First of all, you have an underdetermined system since you have more unknowns than equations. This means that, without any assumptions on the problem such as sparsity, you will have infinitely many solutions. Note that, for instance, $X=[0.5;1;0.5;1]$ or $X=[0.75;1.9;0.25;0.1]$ are also perfectly correct solutions to your original least squares problem.

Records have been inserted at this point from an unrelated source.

section \<open>Curvature bounds from a bounded Hessian\<close>

lemma convex_on_if_monotone_gradient:
  fixes \<phi> :: "'a::real_inner \<Rightarrow> real"
  assumes grad: "\<And>x. (\<phi> has_derivative (\<lambda>v. g x \<bullet> v)) (at x)"
    and mono: "\<And>x y. 0 \<le> (g x - g y) \<bullet> (x - y)"
  shows "convex_on UNIV \<phi>"
proof (rule convex_onI)
  fix t :: real and x y :: 'a
  assume t: "0 < t" "t < 1"
  define \<gamma> where "\<gamma> s = x + s *\<^sub>R (y - x)" for s
  define p' where "p' s = g (\<gamma> s) \<bullet> (y - x)" for s
  have "((\<lambda>s. \<phi> (\<gamma> s)) has_real_derivative p' s) (at s)" for s
  proof -
    have "(\<gamma> has_derivative (\<lambda>h. h *\<^sub>R (y - x))) (at s)"
      unfolding \<gamma>_def[abs_def] by (auto intro!: derivative_eq_intros)
    from has_derivative_compose[OF this grad]
    have "((\<lambda>s. \<phi> (\<gamma> s)) has_derivative (\<lambda>h. g (\<gamma> s) \<bullet> (h *\<^sub>R (y - x)))) (at s)" .
    moreover have "(\<lambda>h. g (\<gamma> s) \<bullet> (h *\<^sub>R (y - x))) = (*) (p' s)"
      by (auto simp: p'_def)
    ultimately show ?thesis
      unfolding has_field_derivative_def by (simp only:)
  qed
  moreover have "p' a \<le> p' b" if "a \<le> b" for a b
  proof -
    have "0 \<le> (g (\<gamma> b) - g (\<gamma> a)) \<bullet> (\<gamma> b - \<gamma> a)"
      by (rule mono)
    also have "\<dots> = (b - a) * (p' b - p' a)"
      by (simp add: \<gamma>_def p'_def inner_diff_left inner_diff_right scaleR_diff_left[symmetric]
          algebra_simps)
    finally show ?thesis
      using that by (cases "a = b") (auto simp: zero_le_mult_iff)
  qed
  ultimately have "convex_on UNIV (\<lambda>s. \<phi> (\<gamma> s))"
    by (intro convex_on_realI[where f'=p']) auto
  then have "\<phi> (\<gamma> ((1 - t) *\<^sub>R 0 + t *\<^sub>R 1)) \<le> (1 - t) * \<phi> (\<gamma> 0) + t * \<phi> (\<gamma> 1)"
    using t by (intro convex_onD) auto
  moreover have "\<gamma> t = (1 - t) *\<^sub>R x + t *\<^sub>R y"
    by (simp add: \<gamma>_def algebra_simps)
  ultimately show "\<phi> ((1 - t) *\<^sub>R x + t *\<^sub>R y) \<le> (1 - t) * \<phi> x + t * \<phi> y"
    by (simp add: \<gamma>_def)
qed simp

lemma convex_on_add_sq_norm_if_lipschitz_gradient:
  fixes \<phi> :: "'a::real_inner \<Rightarrow> real"
  assumes grad: "\<And>x. (\<phi> has_derivative (\<lambda>v. g x \<bullet> v)) (at x)"
    and lip: "\<And>x y. dist (g x) (g y) \<le> K * dist x y"
  shows "convex_on UNIV (\<lambda>x. \<phi> x + K / 2 * (norm x)^2)"
proof (rule convex_on_if_monotone_gradient)
  show "((\<lambda>x. \<phi> x + K / 2 * (norm x)^2) has_derivative (\<lambda>v. (g x + K *\<^sub>R x) \<bullet> v)) (at x)" for x
    unfolding power2_norm_eq_inner
    by (auto intro!: derivative_eq_intros grad simp: inner_add_left inner_commute algebra_simps)
  show "0 \<le> ((g x + K *\<^sub>R x) - (g y + K *\<^sub>R y)) \<bullet> (x - y)" for x y
  proof -
    have "- ((g x - g y) \<bullet> (x - y)) \<le> norm (g x - g y) * norm (x - y)"
      using Cauchy_Schwarz_ineq2[of "g x - g y" "x - y"] by linarith
    also have "\<dots> \<le> K * norm (x - y) * norm (x - y)"
      using lip[of x y] by (intro mult_right_mono) (auto simp: dist_norm)
    also have "\<dots> = K * ((x - y) \<bullet> (x - y))"
      by (simp add: power2_norm_eq_inner[symmetric] power2_eq_square)
    finally show ?thesis
      by (simp add: inner_diff_left inner_diff_right inner_add_left algebra_simps inner_commute)
  qed
qed
lemma integral_prod_Pi_pmf:
  fixes f :: "'i \<Rightarrow> 'a \<Rightarrow> 'c::{real_normed_field, banach, second_countable_topology}"
  assumes "finite A" "\<And>x. x \<in> A \<Longrightarrow> finite (set_pmf (p x))"
  shows "integral\<^sup>L (Pi_pmf A d p) (\<lambda>y. \<Prod>x\<in>A. f x (y x)) = (\<Prod>x\<in>A. integral\<^sup>L (p x) (f x))"
  using assms
proof (induction rule: finite_induct)
  case (insert x A)
  have fin_Q: "finite (set_pmf (Pi_pmf A d p))" and fin_x: "finite (set_pmf (p x))"
    using insert by (auto intro!: finite_set_Pi_pmf)
  have prod_upd: "(\<Prod>z\<in>insert x A. f z ((b(x := a)) z)) = f x a * (\<Prod>z\<in>A. f z (b z))" for a b
    using insert.hyps by (auto intro!: prod.cong)
  have "integral\<^sup>L (Pi_pmf (insert x A) d p) (\<lambda>y. \<Prod>z\<in>insert x A. f z (y z)) =
        integral\<^sup>L (pair_pmf (p x) (Pi_pmf A d p)) (\<lambda>(a, b). \<Prod>z\<in>insert x A. f z ((b(x := a)) z))"
    using insert.hyps by (simp add: Pi_pmf_insert case_prod_unfold del: prod.insert fun_upd_apply)
  also have "\<dots> = integral\<^sup>L (p x) (\<lambda>a. integral\<^sup>L (Pi_pmf A d p) (\<lambda>b. f x a * (\<Prod>z\<in>A. f z (b z))))"
    by (simp only: integral_pair_pmf_finite[OF fin_x fin_Q] prod_upd case_prod_conv)
  finally show ?case
    using insert by simp
qed simp

lemma integral_abs_le_sqrt_integral_sq:
  fixes Y :: "'a \<Rightarrow> real"
  assumes "finite (set_pmf P)"
  shows "integral\<^sup>L P (\<lambda>x. \<bar>Y x\<bar>) \<le> sqrt (integral\<^sup>L P (\<lambda>x. (Y x)^2))"
proof (rule real_le_rsqrt)
  have "0 \<le> measure_pmf.variance P (\<lambda>x. \<bar>Y x\<bar>)"
    by (rule measure_pmf.variance_positive)
  also have "\<dots> = integral\<^sup>L P (\<lambda>x. (Y x)^2) - (integral\<^sup>L P (\<lambda>x. \<bar>Y x\<bar>))^2"
    by (subst measure_pmf.variance_eq) (auto intro: integrable_measure_pmf_finite[OF assms])
  finally show "(integral\<^sup>L P (\<lambda>x. \<bar>Y x\<bar>))^2 \<le> integral\<^sup>L P (\<lambda>x. (Y x)^2)"
    by simp
qed

section \<open>Characteristic functions of sums of independent variables\<close>

lemma norm_iexp_sub_taylor2_le:
  "cmod (iexp y - (1 + \<i> * complex_of_real y - complex_of_real (y^2 / 2))) \<le> \<bar>y\<bar>^3 / 6"
proof -
  have "cmod (iexp y - (\<Sum>k \<le> 2. (\<i> * y)^k / fact k)) \<le> \<bar>y\<bar>^(Suc 2) / fact (Suc 2)"
    by (rule iexp_approx1)
  also have "(\<Sum>k \<le> 2. (\<i> * y)^k / fact k) = 1 + \<i> * complex_of_real y - complex_of_real (y^2 / 2)"
    by (simp add: numeral_eq_Suc complex_eq_iff power2_eq_square)
  finally show ?thesis
    by (simp add: numeral_eq_Suc)
qed

lemma norm_iexp_diff_le: "cmod (iexp a - iexp b) \<le> \<bar>a - b\<bar>"
proof -
  have "iexp a - iexp b = iexp b * (iexp (a - b) - 1)"
    by (simp add: algebra_simps flip: exp_add)
  then have "cmod (iexp a - iexp b) = cmod (iexp (a - b) - (\<Sum>k \<le> 0. (\<i> * (a - b))^k / fact k))"
    by (simp add: norm_mult)
  also have "\<dots> \<le> \<bar>a - b\<bar>^(Suc 0) / fact (Suc 0)"
    by (rule iexp_approx1)
  finally show ?thesis by simp
qed
(* Let $\Gamma=\{f_1,\dots,f_n\}$ be a family of weak weight-functions such that $f_i(x_1,\dots,x_n)\le f_i(x_1+\lambda,\dots,x_n+\lambda)$ for every $i\in\{1,\dots,n\}$, every $\mathbf{x}\in[0,1]^n$ and every $\lambda\in[0,1]$ with $(x_1+\lambda,\dots,x_n+\lambda)\in[0,1]^n$. Then $\mathsf{BGM}_\Gamma$ is a pre-aggregation function which is $(k,\dots,k)$-increasing for every $k>0$.
   Context: A family of weak weight-functions (wFWF) is a family $\Gamma=\{f_i:[0,1]^n\to[0,1]\mid 1\le i\le n\}$ such that (I) $\sum_{i=1}^n f_i(\mathbf{x})\le 1$ for all $\mathbf{x}\in[0,1]^n$ and (II) $\sum_{i=1}^n f_i(1,\dots,1)=1$. The bounded generalized mixture function is $\mathsf{BGM}_\Gamma(\mathbf{x})=\sum_{i=1}^n f_i(\mathbf{x})\,x_i$. For a nonzero $\mathbf{r}\in\mathbb{R}^n$, $F:[0,1]^n\to[0,1]$ is $\mathbf{r}$-increasing if $F(\mathbf{x})\le F(x_1+tr_1,\dots,x_n+tr_n)$ for all $\mathbf{x}\in[0,1]^n$ and $t>0$ with $(x_1+tr_1,\dots,x_n+tr_n)\in[0,1]^n$. $F$ is a pre-aggregation function if $F(0,\dots,0)=0$, $F(1,\dots,1)=1$ and $F$ is $\mathbf{r}$-increasing for some nonzero $\mathbf{r}\in[0,1]^n$. *)

theory Defs
  imports "HOL-Analysis.Analysis"
begin

text \<open>Points of [0,1]^n are modelled as vectors of type real ^ 'n; the index type 'n
  plays the role of {1..n}.\<close>

definition unit_cube :: "(real ^ 'n) set" where
  "unit_cube = {x. \<forall>i. 0 \<le> x $ i \<and> x $ i \<le> 1}"

definition wFWF :: "('n::finite \<Rightarrow> real ^ 'n \<Rightarrow> real) \<Rightarrow> bool" where
  "wFWF f \<longleftrightarrow>
     (\<forall>i. \<forall>x\<in>unit_cube. 0 \<le> f i x \<and> f i x \<le> 1) \<and>
     (\<forall>x\<in>unit_cube. (\<Sum>i\<in>UNIV. f i x) \<le> 1) \<and>
     (\<Sum>i\<in>UNIV. f i (\<chi> j. 1)) = 1"

definition BGM :: "('n::finite \<Rightarrow> real ^ 'n \<Rightarrow> real) \<Rightarrow> real ^ 'n \<Rightarrow> real" where
  "BGM f x = (\<Sum>i\<in>UNIV. f i x * x $ i)"

definition r_increasing :: "real ^ 'n \<Rightarrow> (real ^ 'n \<Rightarrow> real) \<Rightarrow> bool" where
  "r_increasing r F \<longleftrightarrow>
     (\<forall>x\<in>unit_cube. \<forall>t::real. t > 0 \<longrightarrow> x + t *\<^sub>R r \<in> unit_cube \<longrightarrow> F x \<le> F (x + t *\<^sub>R r))"

definition pre_aggregation :: "(real ^ 'n \<Rightarrow> real) \<Rightarrow> bool" where
  "pre_aggregation F \<longleftrightarrow>
     (\<forall>x\<in>unit_cube. 0 \<le> F x \<and> F x \<le> 1) \<and>
     F (\<chi> j. 0) = 0 \<and> F (\<chi> j. 1) = 1 \<and>
     (\<exists>r\<in>unit_cube. r \<noteq> 0 \<and> r_increasing r F)"

end

theory Submission
  imports Defs
begin

text \<open>Each summand \<open>f\<^sub>i(x) x\<^sub>i\<close> of \<open>BGM\<close> is a product of two nonnegative factors that
  both grow when \<open>x\<close> is shifted along the diagonal, and moving by \<open>t (k,\<dots>,k)\<close> is such a
  shift by \<open>\<lambda> = t k\<close>, which lies in \<open>[0,1]\<close> since both endpoints lie in the cube.
  The bounds \<open>0 \<le> BGM x \<le> 1\<close> come from \<open>x\<^sub>i \<le> 1\<close> and \<open>\<Sum> f\<^sub>i(x) \<le> 1\<close>.\<close>

lemma unit_cube_component:
  assumes "x \<in> unit_cube"
  shows "0 \<le> x $ i" "x $ i \<le> 1"
  using assms unfolding unit_cube_def by auto

lemma ones_in_unit_cube: "(\<chi> j. 1) \<in> unit_cube"
  by (simp add: unit_cube_def)

lemma diagonal_shift_in_unit_cube_le_1:
  assumes "x \<in> unit_cube" "x + (\<chi> j. l) \<in> unit_cube"
  shows "l \<le> 1"
proof -
  fix i :: 'a
  have "0 \<le> x $ i" "(x + (\<chi> j. l)) $ i \<le> 1"
    using unit_cube_component assms by blast+
  then show ?thesis by simp
qed

lemma BGM_zero: "BGM f (\<chi> j. 0) = 0"
  by (simp add: BGM_def)

lemma wFWF_BGM_ones:
  assumes "wFWF f"
  shows "BGM f (\<chi> j. 1) = 1"
  using assms by (simp add: wFWF_def BGM_def)

lemma wFWF_BGM_range:
  assumes "wFWF f" and x: "x \<in> unit_cube"
  shows "0 \<le> BGM f x" "BGM f x \<le> 1"
proof -
  have f_range: "0 \<le> f i x" "f i x \<le> 1" for i
    using assms unfolding wFWF_def by auto
  note x_range = unit_cube_component[OF x]
  show "0 \<le> BGM f x"
    unfolding BGM_def using f_range x_range by (intro sum_nonneg) simp
  have "BGM f x \<le> (\<Sum>i\<in>UNIV. f i x)"
    unfolding BGM_def using f_range x_range by (intro sum_mono) (simp add: mult_left_le)
  also have "\<dots> \<le> 1"
    using assms unfolding wFWF_def by blast
  finally show "BGM f x \<le> 1" .
qed

lemma BGM_diagonal_shift_mono:
  assumes "\<And>i. 0 \<le> f i x" "\<And>i. 0 \<le> x $ i" "0 \<le> l"
    and "\<And>i. f i x \<le> f i (x + (\<chi> j. l))"
  shows "BGM f x \<le> BGM f (x + (\<chi> j. l))"
  unfolding BGM_def
proof (intro sum_mono)
  fix i
  have "x $ i \<le> (x + (\<chi> j. l)) $ i"
    using assms(3) by simp
  then show "f i x * x $ i \<le> f i (x + (\<chi> j. l)) * (x + (\<chi> j. l)) $ i"
    using assms by (intro mult_mono) (auto intro: order_trans)
qed

lemma wFWF_BGM_r_increasing_diagonal:
  fixes f :: "'n::finite \<Rightarrow> real ^ 'n \<Rightarrow> real"
  assumes "wFWF f"
    and shift_mono: "\<And>i x l. x \<in> unit_cube \<Longrightarrow> 0 \<le> l \<Longrightarrow> l \<le> 1 \<Longrightarrow>
           x + (\<chi> j. l) \<in> unit_cube \<Longrightarrow> f i x \<le> f i (x + (\<chi> j. l))"
    and "k > 0"
  shows "r_increasing (\<chi> j. k) (BGM f)"
  unfolding r_increasing_def
proof (intro ballI allI impI)
  fix x :: "real ^ 'n" and t :: real
  assume x: "x \<in> unit_cube" and "t > 0" and "x + t *\<^sub>R (\<chi> j. k) \<in> unit_cube"
  moreover have shift: "x + t *\<^sub>R (\<chi> j. k) = x + (\<chi> j. t * k)"
    by (simp add: vec_eq_iff)
  ultimately have y: "x + (\<chi> j. t * k) \<in> unit_cube" and l: "0 \<le> t * k" "t * k \<le> 1"
    using \<open>k > 0\<close> diagonal_shift_in_unit_cube_le_1 by auto
  have "0 \<le> f i x" for i
    using \<open>wFWF f\<close> x unfolding wFWF_def by blast
  then show "BGM f x \<le> BGM f (x + t *\<^sub>R (\<chi> j. k))"
    unfolding shift
    using unit_cube_component(1)[OF x] l shift_mono[OF x l y]
    by (intro BGM_diagonal_shift_mono)
qed

theorem proposition10:
  fixes f :: "'n::finite \<Rightarrow> real ^ 'n \<Rightarrow> real"
  assumes "wFWF f"
    and "\<And>i x l. x \<in> unit_cube \<Longrightarrow> 0 \<le> l \<Longrightarrow> l \<le> 1 \<Longrightarrow>
           x + (\<chi> j. l) \<in> unit_cube \<Longrightarrow> f i x \<le> f i (x + (\<chi> j. l))"
  shows "pre_aggregation (BGM f) \<and> (\<forall>k::real. k > 0 \<longrightarrow> r_increasing (\<chi> j. k) (BGM f))"
proof -
  have increasing: "\<forall>k::real. k > 0 \<longrightarrow> r_increasing (\<chi> j. k) (BGM f)"
    using wFWF_BGM_r_increasing_diagonal[OF assms] by blast
  have "(\<chi> j. 1) \<noteq> (0 :: real ^ 'n)"
    by (simp add: vec_eq_iff)
  then have "\<exists>r\<in>unit_cube. r \<noteq> 0 \<and> r_increasing r (BGM f)"
    using ones_in_unit_cube increasing by auto
  then show ?thesis
    unfolding pre_aggregation_def
    using wFWF_BGM_range[OF assms(1)] wFWF_BGM_ones[OF assms(1)] BGM_zero increasing
    by blast
qed

end
text \<open>Mixing a small multiple of the identity into the running maximum makes it strictly monotone
  without moving it by more than \<eta>.\<close>

lemma almost_increasing_approx_homeomorphism:
  fixes G :: "real \<Rightarrow> real"
  assumes cont: "continuous_on UNIV G" and deg: "\<And>t. G (t + 1) = G t + 1"
    and backtrack: "\<And>s t. s \<le> t \<Longrightarrow> G s - G t < \<eta>" and "\<eta> > 0"
  obtains L H where "continuous_on UNIV L" "continuous_on UNIV H" "\<And>u. L (H u) = u" "\<And>u. H (L u) = u"
    "\<And>u. L (u + 1) = L u + 1" "\<And>u. H (u + 1) = H u + 1" "\<And>u. \<bar>G (L u) - u\<bar> < 2 * \<eta>"
proof -
  define M where "M t = Sup (G ` {..t})" for t
  have M_cont: "continuous_on UNIV M" and M_mono: "mono M" and M_deg: "\<And>t. M (t + 1) = M t + 1"
    and M_close: "\<And>t. G t \<le> M t" "\<And>t. M t \<le> G t + \<eta>"
    using almost_increasing_running_Sup[OF cont deg backtrack] unfolding M_def by auto
  obtain B where B: "\<And>t. \<bar>t - M t\<bar> \<le> B" using degree_one_bounded_displacement[OF M_cont M_deg] by blast
  have "B \<ge> 0" using B[of 0] by linarith
  define mix where "mix = min (1 / 2) (\<eta> / (2 * (B + 1)))"
  have mix: "0 < mix" "mix \<le> 1 / 2" "mix * B \<le> \<eta> / 2"
  proof -
    show "0 < mix" using \<open>\<eta> > 0\<close> \<open>B \<ge> 0\<close> by (auto simp: mix_def)
    show "mix \<le> 1 / 2" unfolding mix_def by (rule min.cobounded1)
    have "mix * B \<le> \<eta> / (2 * (B + 1)) * (B + 1)"
      using \<open>B \<ge> 0\<close> \<open>0 < mix\<close> by (intro mult_mono) (auto simp: mix_def)
    also have "\<dots> = \<eta> / 2" using \<open>B \<ge> 0\<close> by (simp add: field_simps)
    finally show "mix * B \<le> \<eta> / 2" .
  qed
  define H where "H t = (1 - mix) * M t + mix * t" for t
  have H_cont: "continuous_on UNIV H" unfolding H_def by (intro continuous_intros M_cont)
  have "strict_mono H"
  proof (rule strict_monoI)
    fix s t :: real assume "s < t"
    have "(1 - mix) * M s \<le> (1 - mix) * M t" using monoD[OF M_mono, of s t] \<open>s < t\<close> mix
      by (intro mult_left_mono) auto
    moreover have "mix * s < mix * t" using \<open>s < t\<close> mix by simp
    ultimately show "H s < H t" by (simp add: H_def)
  qed
  moreover have H_deg: "H (t + 1) = H t + 1" for t using M_deg[of t] by (simp add: H_def algebra_simps)
  ultimately obtain L where L: "continuous_on UNIV L" "\<And>t. L (H t) = t" "\<And>u. H (L u) = u"
    "\<And>u. L (u + 1) = L u + 1"
    using degree_one_strict_mono_inverse[OF H_cont] by blast
  have "\<bar>G (L u) - u\<bar> < 2 * \<eta>" for u
  proof -
    have "H (L u) - M (L u) = mix * (L u - M (L u))" by (simp add: H_def algebra_simps)
    hence "\<bar>u - M (L u)\<bar> = mix * \<bar>L u - M (L u)\<bar>" using L(3)[of u] mix by (simp add: abs_mult)
    also have "\<dots> \<le> mix * B" using B[of "L u"] mix by (intro mult_left_mono) auto
    finally have "\<bar>u - M (L u)\<bar> \<le> \<eta> / 2" using mix by linarith
    thus ?thesis using M_close[of "L u"] \<open>\<eta> > 0\<close> by linarith
  qed
  thus thesis using that L(1) H_cont L(2,3,4) H_deg by blast
qed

It seems to me that you have used ridge regression to regularize your problem $$ ||y-Ax||_2^2+\delta||x||_2^2 $$ yielding $$ x^* = \left(A^TA+\delta I \right)^{-1}A^Ty $$ What you have done now is added some small weights $\delta$ to the diagonal of $A^TA$ to make this matrix invertible (or differently expressed: increased the eigenvalues). Your original $A$ has duplicate columns $[1\ 0]^T$ and $[0\ 1]^T$. When this is the case, ridge regression will yield a solution that divides the power of the corresponding elements in $x$ equally. To see this assume that $A = [a\ a]$, thus a matrix composed of two identical columns. The problem is then $$ \underset{x}{\text{minimize}}\ ||y-Ax||^2_2+\delta||x||_2^2=\underset{x_1,x_2}{\text{minimize}}\ ||y-ax_1-ax_2||^2_2+\delta||x_1||_2^2+\delta||x_2||_2^2 $$ taking the partial derivatives with repsect to $x_1$ and $x_2$ and setting them to zero, one gets $$ -a^T(y-ax_1+ax_2)+\delta x_1=0\\ -a^T(y-ax_1+ax_2)+\delta x_2=0 $$ this means that $$ x_1=x_2=\frac{a^Ty}{2a^Ta+\delta}\quad (1) $$ So when you apply ridge regression to your problem you get a unique solution where the power becomes evenly distributed over the variables corresponding to the columns that are identical. Now, you stated that the sum of the first and the third column gave you $1$ and the sum of the second and fourth column gave you $2$. This is not correct. It will actually be less than $1$ and $2$. This is because of the $\delta$, which is in the denominator of $(1)$. For the original least squares problem, however, the power can be distributed in any way between the variables corresponding to the identical columns of $A$. This is the difference between the two approaches.
Hope this clarified things!